Verstehe die Aufregung nicht, vor allem von Deutschen, die sich die Worte verbieten. Lebe seit 18 Jahren in Griechenland und weiss, ich bin Gast, habe mich anzupassen. Das kann man auch Deutschen in der Schweiz klar machen, bis sie es begreifen oder wieder gehen.
Jede Rechnung hat eben auch eine Abrechnung: Danke Economy Suisse Herr Bührer
Die Germanisierung hat bereits ihre Ableger, die einer gewissen Skurilität nicht entbehren. In den neuen Displays in der S-Bahn taucht plötzlich zum Wort Gleis das vermeintliche Synonym Kante auf. Da stellt sich sofort die Frage, wer mit welcher Dreistheit versucht, die Integration um 180 Grad zu drehen. Diese Arroganz schürt Widerstand.
Es reicht! Ich werde gegen die Erweiterung der Personenfreizügigkeit stimmen.
Erlebtes Missverständnis im Tram: Eine Dame steigt ins vollbesetzte Tram. Ein Junge, erhebt sich vom Sitz und bietet, Oberbaselbieterdialekt, der Dame den Sitz an „Dir chönned do abhokke“, worauf sie erwiderte „Seien sie bitte anständig zu mir“. Der Junge verstand die Welt nicht mehr. Anschliessende Diskussion: Deutsche verbieten uns Mundart zu reden, welche Arroganz.
Dann sind mir die Deutschen aber doch noch die liebste Auslaendergruppe mit den Italienern. Alles in allem benehmen sie sich gut und sind integriert. Wie Blocher sagt, es haengt von der Zahl ab. Aber wir sind ja selberschuld, wir haben die Geister gerufen und nun bekommen wir sie nicht mehr weg.

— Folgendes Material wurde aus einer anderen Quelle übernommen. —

lemma sum_psi_le_formed_cnt:
  assumes "finite V" "valid_assignment n V a" "alpha \<in> V"
    and ord: "valid_order n V psi alpha (ord alpha)" and "valid_choice n V psi beta"
  shows "(\<Sum>j\<in>{1..n}. psi j (a j))
    \<le> (\<Sum>j\<in>{1..n}. psi j (formed ord beta alpha (cnt n a alpha) j))"
proof -
  define T where "T = {j \<in> {1..n}. a j = alpha}"
  define S where "S = set (take (cnt n a alpha) (ord alpha))"
  define b where "b = best_other V psi alpha"
  define gain where "gain j = psi j alpha - b j" for j
  have sorted: "sorted_wrt (\<lambda>i j. gain j \<le> gain i) (ord alpha)"
    using ord unfolding valid_order_def alpha_key_def gain_def b_def by simp
  have "T \<subseteq> set (ord alpha)" "S \<subseteq> {1..n}"
    using ord set_take_subset unfolding T_def S_def valid_order_def by (blast, metis)
  moreover have "card T = cnt n a alpha" unfolding T_def cnt_def ..
  ultimately have exchange: "sum gain T \<le> sum gain S"
    using sum_le_sum_take_if_sorted[OF sorted] ord unfolding S_def valid_order_def by blast
  have "(\<Sum>j\<in>{1..n}. psi j (a j)) \<le> (\<Sum>j\<in>{1..n}. if a j = alpha then psi j alpha else b j)"
    unfolding b_def by (rule sum_psi_le_alpha_or_best_other[OF assms(1,2)])
  also have "\<dots> = (\<Sum>j\<in>{1..n}. if j \<in> T then psi j alpha else b j)"
    unfolding T_def by (intro sum.cong) auto
  also have "\<dots> = sum b {1..n} + sum gain T"
    unfolding gain_def by (rule sum_if_eq_sum_plus_sum_diff) (auto simp: T_def)
  also have "\<dots> \<le> sum b {1..n} + sum gain S"
    using exchange by simp
  also have "\<dots> = (\<Sum>j\<in>{1..n}. if j \<in> S then psi j alpha else b j)"
    unfolding gain_def using \<open>S \<subseteq> {1..n}\<close> by (simp add: sum_if_eq_sum_plus_sum_diff)
  also have "\<dots> = (\<Sum>j\<in>{1..n}. psi j (formed ord beta alpha (cnt n a alpha) j))"
    unfolding S_def b_def using sum_psi_formed[OF assms(5,3)] by simp
  finally show ?thesis .
qed

lemma objF_formed_cnt_ge:
  assumes "finite V" "valid_assignment n V a" "alpha \<in> V" "lam \<ge> 0"
    and ord: "valid_order n V psi alpha (ord alpha)" and "valid_choice n V psi beta"
  shows "(\<Sum>j\<in>{1..n}. psi j (a j)) + lam * (real (cnt n a alpha))^2
    \<le> objF n V psi lam (formed ord beta alpha (cnt n a alpha))"
  using sum_psi_le_formed_cnt[of V n a alpha psi ord beta] cnt_formed[of n V psi alpha ord beta]
    assms cnt_le[of n a alpha] potts_ge_cnt_sq[OF assms(1,3,4), of n "formed ord beta alpha (cnt n a alpha)"]
  unfolding objF_def by simp
(* Consider a solution $(\Sigma_+(\tau),\mathcal{R}_1(\tau),\mathcal{R}_2(\tau),M(\tau),\psi(\tau),v(\tau))$, defined for all $\tau\ge\tau_0$, of the system \begin{align*} \Sigma_+' &= -(1-\Sigma_+^2)\Sigma_+ - \mathcal{R}_1 + (1+\Sigma_+)\mathcal{R}_2\cos 2\psi - \frac{4\Omega v^2}{3+v^2},\\ \mathcal{R}_1' &= 2\big[(1+\Sigma_+)\Sigma_+ + \mathcal{R}_2\cos 2\psi\big]\mathcal{R}_1 - 2(1+\Sigma_+)(\cos 2\psi)\mathcal{R}_2,\\ \mathcal{R}_2' &= 2\big[(1+\Sigma_+)\Sigma_+ + \mathcal{R}_2\cos 2\psi\big]\mathcal{R}_2 - 2(1+\Sigma_+)(\cos 2\psi)\mathcal{R}_1,\\ M' &= -\big[(1+\Sigma_+)^2 + \mathcal{R}_2\cos 2\psi + 3\mathcal{R}_2 M\sin 2\psi\big]M,\\ \psi' &= \frac{2}{M} + (1+\Sigma_+)\frac{\mathcal{R}_1}{\mathcal{R}_2}\sin 2\psi,\\ v' &= \frac{6}{3-v^2}\Sigma_+(1-v^2)v, \end{align*} subject to the constraint \[ \mathcal{R}_1^2-\mathcal{R}_2^2-\left(\frac{4\Omega v}{3+v^2}\right)^2=0, \] where $\Omega := 1-\Sigma_+^2-\mathcal{R}_1$ and $'$ denotes $d/d\tau$. Suppose the solution satisfies $\Omega>0$, $\mathcal{R}_1>0$ and $\mathcal{R}_2>0$ for all $\tau\ge\tau_0$. Then \[ \lim_{\tau\to+\infty}(\Sigma_+,\mathcal{R}_1,\mathcal{R}_2,v,M)=(0,0,0,0,0), \] and moreover \[ \lim_{\tau\to+\infty}\frac{\mathcal{R}_1}{M^2}=+\infty,\qquad \lim_{\tau\to+\infty}\frac{\mathcal{R}_2}{M^2}=+\infty. \]
   Context: This system describes spatially homogeneous Bianchi type VII$_0$ cosmologies with a tilted irrotational radiation perfect fluid (equation of state $\tilde p=\tfrac13\tilde\rho$), zero cosmological constant, in Hubble-normalized variables with dimensionless time $\tau$ ($dt/d\tau=1/H$, $H$ the Hubble scalar). Here $\Sigma_+$ is a Hubble-normalized shear component, $v\in(-1,1)$ is the tilt, $\Omega$ is the density parameter, and $\mathcal{R}_1,\mathcal{R}_2,\psi$ are defined from the Hubble-normalized shear components $\Sigma_-,\Sigma_\times$ and curvature components $N_-,N_\times$ by $\mathcal{R}_1=\Sigma_-^2+\Sigma_\times^2+N_-^2+N_\times^2$, $\mathcal{R}_2\cos2\psi=\Sigma_-^2+\Sigma_\times^2-N_-^2-N_\times^2$, $\mathcal{R}_2\sin2\psi=2(\Sigma_-N_-+\Sigma_\times N_\times)$. The variable $M=1/N_+$, where $N_+$ is the remaining Hubble-normalized spatial curvature variable; for these cosmologies (with $\Omega>0$) it is a known standing fact, used by the paper, that $N_+\to+\infty$, i.e. $M\to0^+$, as $\tau\to+\infty$. *)

theory Defs
  imports "HOL-Analysis.Analysis"
begin

definition Omg :: "real \<Rightarrow> real \<Rightarrow> real" where
  "Omg s r1 = 1 - s^2 - r1"

end

theory Submission
  imports Defs
begin

text \<open>Write \<open>X + i Y = R2 e\<^sup>2\<^sup>i\<^sup>\<psi>\<close>, \<open>p = X / R1\<close> and \<open>q = Y / R1\<close>. As \<open>M \<rightarrow> 0\<close>, the angle \<open>2\<psi>\<close>
  turns with speed \<open>4 / M \<rightarrow> \<infinity>\<close>, so the terms linear in \<open>X\<close> and \<open>Y\<close> average out: each of them
  is the derivative of a correction of size \<open>O(M)\<close> up to errors of size \<open>O(M)\<close>.

  \<^item> \<open>Sp\<close> stays below some \<open>m < 1\<close>. The function \<open>ln (Om (1 - v\<^sup>2)\<^sup>1\<^sup>/\<^sup>3 / (3 + v\<^sup>2))\<close> has derivative
    \<open>2 Sp\<^sup>2 + 2 X\<close>; after removing the oscillation and subtracting \<open>8 exp (Lam (-1)) \<approx> 8 M R1\<close>
    it becomes a bounded function with derivative \<open>\<ge> 2 Sp\<^sup>2\<close>, and a Barbalat-type argument
    gives \<open>Sp \<rightarrow> 0\<close>.
  \<^item> Averaging \<open>Sp' = - R1 + (1 + Sp) X + \<dots>\<close> in the same way gives \<open>R1 \<rightarrow> 0\<close>; the constraint
    then yields \<open>R2 \<le> R1\<close> and \<open>Om |v| \<le> R1\<close>, hence \<open>R2 \<rightarrow> 0\<close> and \<open>v \<rightarrow> 0\<close>.
  \<^item> \<open>Lam a \<approx> ln (R1 / M\<^sup>a)\<close> has derivative close to \<open>a\<close>, so \<open>R1 / M\<^sup>a \<rightarrow> \<infinity>\<close> for \<open>1 \<le> a \<le> 2\<close>.
  \<^item> \<open>(p, q)\<close> circles around a slowly moving centre \<open>(cp, cq) \<approx> (0, - M / 2)\<close>. The squared
    distance \<open>zeta\<close>, measured in units of \<open>M\<^sup>2\<close>, increases whenever it lies in \<open>[1/16, 4]\<close>, so
    eventually it stays on one side of this band; either way \<open>max |p| |q| \<ge> M / 8\<close>, that is
    \<open>R2 \<ge> R1 M / 8\<close>, and \<open>R2 / M\<^sup>2 \<rightarrow> \<infinity>\<close> follows from \<open>R1 / M \<rightarrow> \<infinity>\<close>.\<close>

section \<open>Scalar differential inequalities\<close>

lemma abs_mult_le:
  fixes a b :: "'a::linordered_idom"
  assumes "\<bar>a\<bar> \<le> A" "\<bar>b\<bar> \<le> B"
  shows "\<bar>a * b\<bar> \<le> A * B"
  unfolding abs_mult using assms by (intro mult_mono) (auto intro: order_trans[OF abs_ge_zero])

lemma DERIV_ge_imp_ge_linear:
  fixes f Df :: "real \<Rightarrow> real"
  assumes "\<And>y. x \<le> y \<Longrightarrow> y \<le> z \<Longrightarrow> (f has_real_derivative Df y) (at y)"
    and "\<And>y. x \<le> y \<Longrightarrow> y \<le> z \<Longrightarrow> k \<le> Df y" and "x \<le> z"
  shows "f x + k * (z - x) \<le> f z"
proof -
  have "f x - k * x \<le> f z - k * z"
  proof (rule DERIV_nonneg_imp_nondecreasing[OF \<open>x \<le> z\<close>])
    fix y assume "x \<le> y" "y \<le> z"
    with assms(1,2) show "\<exists>d. ((\<lambda>y. f y - k * y) has_real_derivative d) (at y) \<and> 0 \<le> d"
      by (intro exI[of _ "Df y - k"]) (auto intro!: derivative_eq_intros)
  qed
  then show ?thesis by (simp add: algebra_simps)
qed

lemma DERIV_le_imp_le_linear:
  fixes f Df :: "real \<Rightarrow> real"
  assumes "\<And>y. x \<le> y \<Longrightarrow> y \<le> z \<Longrightarrow> (f has_real_derivative Df y) (at y)"
    and "\<And>y. x \<le> y \<Longrightarrow> y \<le> z \<Longrightarrow> Df y \<le> k" and "x \<le> z"
  shows "f z \<le> f x + k * (z - x)"
proof -
  have "- f x + (- k) * (z - x) \<le> - f z"
    by (rule DERIV_ge_imp_ge_linear) (use assms in \<open>auto intro!: derivative_eq_intros\<close>)
  then show ?thesis by simp
qed

lemma filterlim_at_top_if_DERIV_ge_pos:
  fixes F DF :: "real \<Rightarrow> real"
  assumes "\<And>x. T \<le> x \<Longrightarrow> (F has_real_derivative DF x) (at x)"
    and "\<And>x. T \<le> x \<Longrightarrow> k \<le> DF x" and "0 < k"
  shows "filterlim F at_top at_top"
proof (rule filterlim_at_top_mono)
  show "filterlim (\<lambda>x. F T + k * (x - T)) at_top at_top"
    using \<open>0 < k\<close> by real_asymp
  show "\<forall>\<^sub>F x in at_top. F T + k * (x - T) \<le> F x"
    using eventually_ge_at_top[of T]
    by eventually_elim (rule DERIV_ge_imp_ge_linear, use assms in auto)
qed

lemma convergent_at_top_if_DERIV_nonneg_bounded:
  fixes V DV :: "real \<Rightarrow> real"
  assumes "\<And>x. T \<le> x \<Longrightarrow> (V has_real_derivative DV x) (at x)"
    and "\<And>x. T \<le> x \<Longrightarrow> 0 \<le> DV x" and "\<And>x. T \<le> x \<Longrightarrow> V x \<le> U"
  shows "\<exists>L. (V \<longlongrightarrow> L) at_top"
proof
  define L where "L = Sup (V ` {T..})"
  have bdd: "bdd_above (V ` {T..})"
    using assms(3) by (intro bdd_aboveI[of _ U]) auto
  have mono: "V x \<le> V y" if "T \<le> x" "x \<le> y" for x y
    using DERIV_ge_imp_ge_linear[of x y V DV 0] that assms(1,2) by force
  have le_L: "V x \<le> L" if "T \<le> x" for x
    unfolding L_def using bdd that by (intro cSup_upper) auto
  show "(V \<longlongrightarrow> L) at_top"
  proof (rule tendstoI)
    fix e :: real assume "0 < e"
    then obtain x0 where x0: "T \<le> x0" "L - e < V x0"
      using less_cSupD[of "V ` {T..}" "L - e"] bdd unfolding L_def by auto
    show "\<forall>\<^sub>F x in at_top. dist (V x) L < e"
      using eventually_ge_at_top[of x0]
    proof eventually_elim
      case (elim x)
      then show ?case using mono[of x0 x] le_L[of x] x0 \<open>0 < e\<close> by (auto simp: dist_real_def)
    qed
  qed
qed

Ja was solls, soll doch kommen, wer will. Enschränkungen sind eh nicht möglich. Sie werden schnellstens umgangen. Die Basler Chemie schreibt ihre Stellen auch international aus. Und nimmt den, mit dem adäquatesten Schulabschluss. Wenn man auf diesen Homepages sein Stellenprofil eingeben will, kann man schnell mal das Gefühl bekommen, ein KV-Abschluss sei etwas lächerliches. Goodbye Heidiland!